Princess Elizabeth and her son Charles, in London, 1948. In June 1953, the photographer received a call from the palace informing him that the Queen wanted him to take the official photos of her coronation. Famous for his fashion photos, Cecil Beaton (1904-1980) infused theatricality, glamour and closeness to the portraits of Elizabeth II, who succeeded her father, George VI. CECIL BEATON / VICTORIA & ALBERT
Constitutional scholar Robert Hazell founded the Constitution Unit at University College London (UCL), a research center specializing in British parliamentary democracy. He has recently launched a major research project on monarchies in Europe.

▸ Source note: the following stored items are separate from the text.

text \<open>Each class in \<open>Rcls\<close> contains an idempotent of \<open>Sa\<close>; the first generator in a
  factorisation of it is a left factor, hence lies in \<open>\<widehat>R\<^sup>a\<^sub>a\<close> and in the same class.\<close>
lemma Rcls_generator:
  assumes "generates ES X" and "C \<in> Rcls"
  shows "\<exists>x\<in>X \<inter> Rhat. Rcl x = C"
proof -
  have XT: "X \<subseteq> ES" and sX: "sgp_gen X = ES" using assms(1) generates_def by auto
  obtain e where e: "e \<in> C" "idem e" using Rcls_idem assms(2) by blast
  have eR: "e \<in> Rhat" using e assms(2) Rcls_eq by auto
  then have eP: "e \<in> P" using Rhat_iff by auto
  obtain x0 where "x0 \<in> P" "C = Rcl x0" using assms(2) Rcls_eq R_classes_P_eq by auto
  then have Ce: "C = Rcl e" using e Rcl_eq Rcl_def by auto
  have "e \<in> ES" using e eP P_eq unfolding Egen_def by (auto intro: sgp_gen.base)
  then obtain x where x: "x \<in> X" "e = x \<or> (\<exists>q\<in>sgp_gen X. e = x * q)"
    using sgp_gen_left_factor sX by blast
  have "x \<in> P" using x XT Egen_leftmult_subset_P by auto
  moreover have "e \<in> insert x ((*) x ` P)" using x sX Egen_leftmult_subset_P by auto
  ultimately have "x \<in> Rhat \<and> Rcl x = Rcl e" using Rhat_prefix eR by blast
  then show ?thesis using x Ce by blast
qed

lemma card_lower_set_Plus:
  assumes "generates ES X"
  shows "|lower_set X <+> Rcls| \<le>o |X <+> (UNIV :: unit set)|"
proof (rule surj_imp_ordLeq)
  define h where "h u = (case u of Inl x \<Rightarrow> if x \<in> Rhat then Inr (Rcl x) else Inl (a * x)
                                | Inr (_::unit) \<Rightarrow> Inl a)" for u
  show "lower_set X <+> Rcls \<subseteq> h ` (X <+> UNIV)"
  proof
    fix u assume "u \<in> lower_set X <+> Rcls"
    then consider z where "u = Inl z" "z \<in> lower_set X" | C where "u = Inr C" "C \<in> Rcls"
      by blast
    then show "u \<in> h ` (X <+> UNIV)"
    proof cases
      case (1 z)
      then consider "z = a" | x where "x \<in> X" "x \<notin> Rhat" "z = a * x"
        unfolding lower_set_def by blast
      then show ?thesis
      proof cases
        case 1
        then have "u = h (Inr ())" using \<open>u = Inl z\<close> h_def by simp
        then show ?thesis by blast
      next
        case (2 x)
        then have "u = h (Inl x)" using \<open>u = Inl z\<close> h_def by simp
        then show ?thesis using \<open>x \<in> X\<close> by blast
      qed
    next
      case (2 C)
      then obtain x where "x \<in> X" "x \<in> Rhat" "Rcl x = C" using Rcls_generator assms by blast
      then have "u = h (Inl x)" using 2 h_def by simp
      then show ?thesis using \<open>x \<in> X\<close> by blast
    qed
  qed
qed

definition class_idem :: "'a set \<Rightarrow> 'a" where
  "class_idem C = (SOME e. e \<in> C \<and> idem e)"

lemma class_idem:
  assumes "C \<in> Rcls"
  shows "class_idem C \<in> C \<and> idem (class_idem C)"
proof -
  have "\<exists>e. e \<in> C \<and> idem e" using Rcls_idem[OF assms] by blast
  then show ?thesis unfolding class_idem_def by (rule someI_ex)
qed
lemma card_zero_sum_basis: "card (zero_sum_basis m :: (nat \<Rightarrow> 'a::field) set) = m"
  unfolding zero_sum_basis_def by (simp add: card_image inj_on_unit_vec_diff)

lemma zero_sum_basis_subset: "(zero_sum_basis m :: (nat \<Rightarrow> 'a::field) set) \<subseteq> zero_sum_vecs (Suc m)"
  unfolding zero_sum_basis_def
proof (rule image_subsetI)
  fix j assume "j \<in> {..<m}"
  then have "(\<Sum>l<m. unit_vec j l - unit_vec m l) = (\<Sum>l<m. if l = j then 1 else 0)"
    by (intro sum.cong) (auto simp: unit_vec_diff_apply)
  then show "unit_vec j - unit_vec m \<in> zero_sum_vecs (Suc m)"
    using \<open>j \<in> {..<m}\<close> by (simp add: zero_sum_vecs_def vecs_def unit_vec_diff_apply)
qed

lemma zero_sum_vecs_subset_span_basis:
  "zero_sum_vecs (Suc m) \<subseteq> fv.span (zero_sum_basis m :: (nat \<Rightarrow> 'a::field) set)"
proof
  fix v :: "nat \<Rightarrow> 'a" assume v: "v \<in> zero_sum_vecs (Suc m)"
  have "(\<Sum>j<m. v j * (unit_vec j l - unit_vec m l)) = v l" for l
  proof (cases l m rule: linorder_cases)
    case less
    then show ?thesis by (rule sum_scale_unit_vec_diff)
  next
    case equal
    have "(\<Sum>j<m. v j * (unit_vec j m - unit_vec m m)) = - (\<Sum>j<m. v j)"
      by (simp add: unit_vec_diff_apply sum_negf)
    also have "\<dots> = v m"
      using v by (simp add: zero_sum_vecs_def neg_eq_iff_add_eq_0 add.commute)
    finally show ?thesis using equal by simp
  next
    case greater
    then show ?thesis using v by (simp add: unit_vec_diff_apply zero_sum_vecs_def vecs_def)
  qed
  then have "(\<Sum>j<m. (\<lambda>l. v j * (unit_vec j - unit_vec m) l)) = v"
    by (simp add: fun_eq_iff sum_fun_apply)
  moreover have "(\<Sum>j<m. (\<lambda>l. v j * (unit_vec j - unit_vec m) l)) \<in> fv.span (zero_sum_basis m)"
    unfolding zero_sum_basis_def by (intro fv.span_sum fv.span_scale fv.span_base imageI) simp
  ultimately show "v \<in> fv.span (zero_sum_basis m)" by simp
qed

Of the eight parliamentary monarchies – Belgium, Denmark, Spain, Luxembourg, Norway, the Netherlands, the United Kingdom and Sweden – that exist in Europe, the United Kingdom is the only one to have retained a coronation ceremony. Why is this so?
It is about traditions, it is such an ancient ceremony going all the way back to Anglo-Saxon kings. All schoolchildren in Britain learn that kings are crowned. The first King to be crowned in Westminster Abbey was actually a Frenchman who we call William the Conqueror. He was crowned in Westminster Abbey on Christmas Day in 1066. But the coronation is older than that and some historians dated it to the sixth century AD, the first properly recorded coronation dates from AD 973. That was a coronation conducted by Saint Dunstan, then Archbishop of Canterbury, not at Westminster but in Bath Abbey.